## TASK DETAILS
Please repeat the lines below, exactly and only, from the one that holds "(\<forall>x\<in>C. \<forall>y\<in>C. \<forall>w\<in>C. mul (add" through the one that holds "(\<forall>e>0. \<exists>N. \<forall>m\<ge>N.".

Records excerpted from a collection

(* (a) If $S$ is a discrete semigroup with $S^2\neq S$, then $\ell^1(S)$ is not super weakly amenable. (b) Let $S=\{t,0\}$ with multiplication $t0=0t=t^2=0^2=0$. Then $\ell^1(S)$ is semiweakly amenable but not super weakly amenable.
   Context: $\ell^1(S)$ is the semigroup algebra with convolution $\delta_s*\delta_u=\delta_{su}$; $S^2=\{su:s,u\in S\}$. $\mathcal A^*$ is the dual $\mathcal A$-bimodule ($\langle x,a\cdot f\rangle=\langle xa,f\rangle$, $\langle x,f\cdot a\rangle=\langle ax,f\rangle$). A derivation $D:\mathcal A\to X$ is a bounded linear map with $D(ab)=D(a)\cdot b+a\cdot D(b)$; it is inner if $D(a)=a\cdot x-x\cdot a$ for some $x\in X$. $\mathcal A$ is semiweakly amenable if every derivation $D:\mathcal A\to\mathcal A^*$ with $\langle D(a),b\rangle+\langle D(b),a\rangle=0$ for all $a,b$ is inner. For a continuous homomorphism $\varphi:\mathcal A\to\mathcal B$, $\mathcal B_\varphi$ is $\mathcal B$ with $a\cdot b=\varphi(a)b$, $b\cdot a=b\varphi(a)$, and $\mathcal B_\varphi^*$ its dual bimodule. $\mathcal A$ is super weakly amenable if for every Banach algebra $\mathcal B$, every continuous homomorphism $\varphi:\mathcal A\to\mathcal B$ and every derivation $d:\mathcal A\to\mathcal B_\varphi^*$, $\langle d(a),\varphi(b)\rangle+\langle d(b),\varphi(a)\rangle=0$ for all $a,b$. *)

theory Defs
  imports "HOL-Analysis.Analysis"
begin

text \<open>Complex Banach algebras are represented set-based: a carrier together with
explicit operations (there is no complex-normed-algebra type class in the library).\<close>

record 'b cbalg =
  bcarrier :: "'b set"
  bzero :: 'b
  badd :: "'b \<Rightarrow> 'b \<Rightarrow> 'b"
  bsmult :: "complex \<Rightarrow> 'b \<Rightarrow> 'b"
  bmult :: "'b \<Rightarrow> 'b \<Rightarrow> 'b"
  bnorm :: "'b \<Rightarrow> real"

definition banach_algebra :: "'b cbalg \<Rightarrow> bool" where
  "banach_algebra B \<longleftrightarrow>
    (let C = bcarrier B; add = badd B; sm = bsmult B; mul = bmult B; nr = bnorm B; z = bzero B in
     z \<in> C \<and>
     (\<forall>x\<in>C. \<forall>y\<in>C. add x y \<in> C \<and> mul x y \<in> C) \<and>
     (\<forall>c x. x \<in> C \<longrightarrow> sm c x \<in> C) \<and>
     (\<forall>x\<in>C. \<forall>y\<in>C. \<forall>w\<in>C. add (add x y) w = add x (add y w)) \<and>
     (\<forall>x\<in>C. \<forall>y\<in>C. add x y = add y x) \<and>
     (\<forall>x\<in>C. add z x = x) \<and>
     (\<forall>x\<in>C. \<exists>y\<in>C. add x y = z) \<and>
     (\<forall>c x y. x \<in> C \<longrightarrow> y \<in> C \<longrightarrow> sm c (add x y) = add (sm c x) (sm c y)) \<and>
     (\<forall>c d x. x \<in> C \<longrightarrow> sm (c + d) x = add (sm c x) (sm d x)) \<and>
     (\<forall>c d x. x \<in> C \<longrightarrow> sm (c * d) x = sm c (sm d x)) \<and>
     (\<forall>x\<in>C. sm 1 x = x) \<and>
     (\<forall>x\<in>C. \<forall>y\<in>C. \<forall>w\<in>C. mul (mul x y) w = mul x (mul y w)) \<and>
     (\<forall>x\<in>C. \<forall>y\<in>C. \<forall>w\<in>C. mul x (add y w) = add (mul x y) (mul x w)) \<and>
     (\<forall>x\<in>C. \<forall>y\<in>C. \<forall>w\<in>C. mul (add x y) w = add (mul x w) (mul y w)) \<and>
     (\<forall>c x y. x \<in> C \<longrightarrow> y \<in> C \<longrightarrow>
        mul (sm c x) y = sm c (mul x y) \<and> mul x (sm c y) = sm c (mul x y)) \<and>
     (\<forall>x\<in>C. nr x = 0 \<longleftrightarrow> x = z) \<and>
     (\<forall>x\<in>C. \<forall>y\<in>C. nr (add x y) \<le> nr x + nr y) \<and>
     (\<forall>c x. x \<in> C \<longrightarrow> nr (sm c x) = cmod c * nr x) \<and>
     (\<forall>x\<in>C. \<forall>y\<in>C. nr (mul x y) \<le> nr x * nr y) \<and>
     (\<forall>X :: nat \<Rightarrow> 'b. (\<forall>n. X n \<in> C) \<longrightarrow>
        (\<forall>e>0. \<exists>N. \<forall>m\<ge>N. \<forall>n\<ge>N. nr (add (X m) (sm (-1) (X n))) < e) \<longrightarrow>
        (\<exists>L\<in>C. \<forall>e>0. \<exists>N. \<forall>n\<ge>N. nr (add (X n) (sm (-1) L)) < e)))"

## ANSWER SECTION
     (\<forall>x\<in>C. \<forall>y\<in>C. \<forall>w\<in>C. mul (add x y) w = add (mul x w) (mul y w)) \<and>
     (\<forall>c x y. x \<in> C \<longrightarrow> y \<in> C \<longrightarrow>
        mul (sm c x) y = sm c (mul x y) \<and> mul x (sm c y) = sm c (mul x y)) \<and>
     (\<forall>x\<in>C. nr x = 0 \<longleftrightarrow> x = z) \<and>
     (\<forall>x\<in>C. \<forall>y\<in>C. nr (add x y) \<le> nr x + nr y) \<and>
     (\<forall>c x. x \<in> C \<longrightarrow> nr (sm c x) = cmod c * nr x) \<and>
     (\<forall>x\<in>C. \<forall>y\<in>C. nr (mul x y) \<le> nr x * nr y) \<and>
     (\<forall>X :: nat \<Rightarrow> 'b. (\<forall>n. X n \<in> C) \<longrightarrow>
        (\<forall>e>0. \<exists>N. \<forall>m\<ge>N. \<forall>n\<ge>N. nr (add (X m) (sm (-1) (X n))) < e) \<longrightarrow>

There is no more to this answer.